Simulation on the effects of non-point source pollution in Qingjiang River basin based on SWAT model and GIS

Abstract

Assessment of the pollution of water bodies from non-point sources (NPS) is a complex data-requiring and time-consuming task. The accuracy of NPS pollution models depends to a great extent on how well model input parameters describe the relevant characteristics of the watershed. It is assumed that promoting the precision of input parameters affects the simulation results of runoff, sediment and nutrients yield from the entire watershed. An integration of simulating model with GIS technique is one of the most efficient methods to NPS pollution quantified research at present. In this study, the basic database, which includes DEM, soil and landuse map, climate data, and land management data, were established for the study purpose using GIS. The generation and formation of non-point source pollution involves great uncertainty, and this uncertainty makes monitoring and controlling pollution very difficult. Understanding the main parameters that affect NPS pollution uncertainty is necessary to provide the basis for the planning and design of control measures. Based on the results of parameter sensitivity analysis, the sensitive parameters of Soil and Water Assessment Tool (SWAT) model were identified, and then model parameters related to stream flow and nutrient loadings were calibrated and validated by the observed value, and the simulation showed that the simulated values were reasonably comparable to the observed data, suggesting the validity of SWAT model.

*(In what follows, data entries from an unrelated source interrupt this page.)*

lemma causal_agree_upto:
  assumes "causal g" "\<forall>i\<in>{1..k}. e i = e' i" "1 \<le> t" "t \<le> k"
  shows "g t e = g t e'"
  using assms unfolding causal_def by (meson atLeastAtMost_iff order_trans)

lemma batt_causal:
  assumes "causal g" "\<forall>i\<in>{1..Suc k}. e i = e' i"
  shows "batt Bb b g e k = batt Bb b g e' k"
  using assms(2)
  by (induction k) (simp_all add: causal_agree_upto[OF assms(1)])

lemma deficit_causal:
  assumes "causal g" "\<forall>i\<in>{1..Suc k}. e i = e' i"
  shows "deficit Bb g e k = deficit Bb g e' k"
  using assms(2)
proof (induction k)
  case (Suc k)
  have "g (Suc k) e = g (Suc k) e'"
    by (rule causal_agree_upto[OF assms(1) Suc.prems]) simp_all
  moreover have "batt Bb Bb g e k = batt Bb Bb g e' k"
    using batt_causal[OF assms(1)] Suc.prems by simp
  ultimately show ?case
    using Suc by simp
qed simp

lemma causal_deficit_policy:
  assumes "causal g"
  shows "causal (deficit_policy Bb g)"
  unfolding causal_def
proof (intro allI impI)
  fix t :: nat and e e' :: "nat \<Rightarrow> real"
  assume "1 \<le> t" "\<forall>i\<in>{1..t}. e i = e' i"
  then show "deficit_policy Bb g t e = deficit_policy Bb g t e'"
    using causal_agree_upto[OF assms, of t e e' t] deficit_causal[OF assms, of "t - 1" e e']
    by (simp add: deficit_policy_def)
qed

lemma online_policy_measurable:
  "online_policy g \<Longrightarrow> 1 \<le> t \<Longrightarrow> g t \<in> borel_measurable arrival_space"
  by (simp add: online_policy_def)

lemma arrival_measurable: "(\<lambda>e. e i) \<in> borel_measurable arrival_space"
  by (simp add: measurable_component_singleton)

lemma batt_measurable:
  assumes "online_policy g"
  shows "(\<lambda>e. batt Bb b g e k) \<in> borel_measurable arrival_space"
proof (induction k)
  case (Suc k)
  then show ?case
    using online_policy_measurable[OF assms, of "Suc k"] arrival_measurable by simp
qed simp
(* Let $n\geq 2$ and $m\geq 1$ be integers, let $K$ be an infinite field, and let $p(x_1,\ldots,x_m)\in K\langle x_1,\ldots,x_m\rangle$ be a noncommutative polynomial with zero constant term. Suppose $\mathrm{ord}(p)=r$ with $1<r<n-1$. Then \[ p(T_n(K))+p(T_n(K))=T_n(K)^{(r-1)}, \] i.e. every matrix in $T_n(K)^{(r-1)}$ is a sum of two elements of $p(T_n(K))$, and every such sum lies in $T_n(K)^{(r-1)}$. In particular, if $r=n-2$, then $p(T_n(K))=T_n(K)^{(n-3)}$.
   Context: $T_n(K)$ denotes the algebra of $n\times n$ upper triangular matrices over $K$. For an integer $t\geq 0$, $T_n(K)^{(t)}$ denotes the set of upper triangular $n\times n$ matrices whose $(i,j)$ entries are zero whenever $j-i\leq t$ (so $T_n(K)^{(t)}$ is the $(t+1)$-st power $J^{t+1}$ of the Jacobson radical $J$ of $T_n(K)$). For an algebra $\mathcal{A}$, $p(\mathcal{A})=\{p(a_1,\ldots,a_m): a_1,\ldots,a_m\in\mathcal{A}\}$, and $p(\mathcal{A})+p(\mathcal{A})=\{a+b: a,b\in p(\mathcal{A})\}$. The order $\mathrm{ord}(p)$ of a polynomial $p$ with zero constant term is the least positive integer $r$ such that $p(T_r(K))=\{0\}$ but $p(T_{r+1}(K))\neq\{0\}$, where $T_1(K)=K$; $p$ has order $0$ if $p(K)\neq\{0\}$. *)

theory Defs
  imports "Jordan_Normal_Form.Matrix" "HOL-Library.Poly_Mapping"
begin

text \<open>Noncommutative polynomials in K<x_0,...,x_{m-1}>: finitely supported maps
  from words (lists of variable indices) to coefficients.\<close>
type_synonym 'a ncpoly = "nat list \<Rightarrow>\<^sub>0 'a"
lemma increment_le_window:
  assumes "\<epsilon> > 0"
  obtains L and K :: nat where "\<forall>\<^sub>F n in sequentially. \<forall>w\<in>set_pmf (M n). \<forall>x.
    phi n (x + 1) w - phi n x w \<le> \<epsilon> + indicator {w. x - L < e n w \<and> e n w \<le> x - L + real K} w"
proof -
  obtain K1 where K1: "\<forall>\<^sub>F n in sequentially. \<forall>w\<in>set_pmf (M n). \<forall>x. e n w - x > K1 \<longrightarrow> phi n x w < \<epsilon>"
    using phi_small[OF assms] by blast
  obtain K2 where K2: "\<forall>\<^sub>F n in sequentially. \<forall>w\<in>set_pmf (M n). \<forall>x. e n w - x < - K2 \<longrightarrow> phi n x w > 1 - \<epsilon>"
    using phi_large[OF assms] by blast
  define L where "L = K2 + 1"
  define K where "K = nat \<lceil>L + 1 + K1\<rceil>"
  have K: "L + 1 + K1 \<le> real K"
    unfolding K_def by linarith
  from K1 K2 eventually_phi_bounds
  have "\<forall>\<^sub>F n in sequentially. \<forall>w\<in>set_pmf (M n). \<forall>x.
    phi n (x + 1) w - phi n x w \<le> \<epsilon> + indicator {w. x - L < e n w \<and> e n w \<le> x - L + real K} w"
  proof eventually_elim
    case (elim n)
    show ?case
    proof (intro ballI allI)
      fix w x assume w: "w \<in> set_pmf (M n)"
      have "e n w \<le> x - L \<Longrightarrow> phi n x w > 1 - \<epsilon>"
        using elim w unfolding L_def by force
      moreover have "x - L + real K < e n w \<Longrightarrow> phi n (x + 1) w < \<epsilon>"
        using elim w K by force
      moreover have "0 \<le> phi n x w" "phi n (x + 1) w \<le> 1"
        using elim w by auto
      ultimately show "phi n (x + 1) w - phi n x w
          \<le> \<epsilon> + indicator {w. x - L < e n w \<and> e n w \<le> x - L + real K} w"
        using assms unfolding indicator_def by (auto; linarith)
    qed
  qed
  then show ?thesis by (rule that)
qed

lemma cdf_gap_le_window:
  assumes "\<epsilon> > 0"
  obtains L and K :: nat where "\<forall>\<^sub>F n in sequentially. \<forall>w\<in>set_pmf (M n). \<forall>x.
    indicator {w. e n w \<le> x} w - phi n x w \<le> \<epsilon> + indicator {w. x - L < e n w \<and> e n w \<le> x - L + real K} w"
proof -
  obtain K2 where K2: "\<forall>\<^sub>F n in sequentially. \<forall>w\<in>set_pmf (M n). \<forall>x. e n w - x < - K2 \<longrightarrow> phi n x w > 1 - \<epsilon>"
    using phi_large[OF assms] by blast
  define L where "L = K2 + 1"
  define K where "K = nat \<lceil>L\<rceil>"
  have K: "L \<le> real K"
    unfolding K_def by linarith
  from K2 eventually_phi_bounds
  have "\<forall>\<^sub>F n in sequentially. \<forall>w\<in>set_pmf (M n). \<forall>x.
    indicator {w. e n w \<le> x} w - phi n x w \<le> \<epsilon> + indicator {w. x - L < e n w \<and> e n w \<le> x - L + real K} w"
  proof eventually_elim
    case (elim n)
    show ?case
    proof (intro ballI allI)
      fix w x assume w: "w \<in> set_pmf (M n)"
      have "e n w \<le> x - L \<Longrightarrow> phi n x w > 1 - \<epsilon>"
        using elim w unfolding L_def by force
      moreover have "0 \<le> phi n x w"
        using elim w by auto
      ultimately show "indicator {w. e n w \<le> x} w - phi n x w
          \<le> \<epsilon> + indicator {w. x - L < e n w \<and> e n w \<le> x - L + real K} w"
        using assms K unfolding indicator_def by (auto; linarith)
    qed
  qed
  then show ?thesis by (rule that)
qed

The spatial-temporal distribution features of NPS pollution in the Qingjiang River basin (a case study of this paper which is one main branch of Yangtze River basin in Three Gorges Project area) were revealed. NPS pollution mainly takes place in flood season. The critical risk areas of soil erosion were identified. Stream flow and nutrient loadings (including total nitrogen (TN) and total phosphorus (TP)) in Qingjiang River Basin were simulated. The surface runoff and nutrient yield results indicated that the average annual runoff and output of TN and TP provides better understanding on stream flow and nutrient loadings responding to variations of land use conditions, agricultural tillage operation and natural rainfall etc.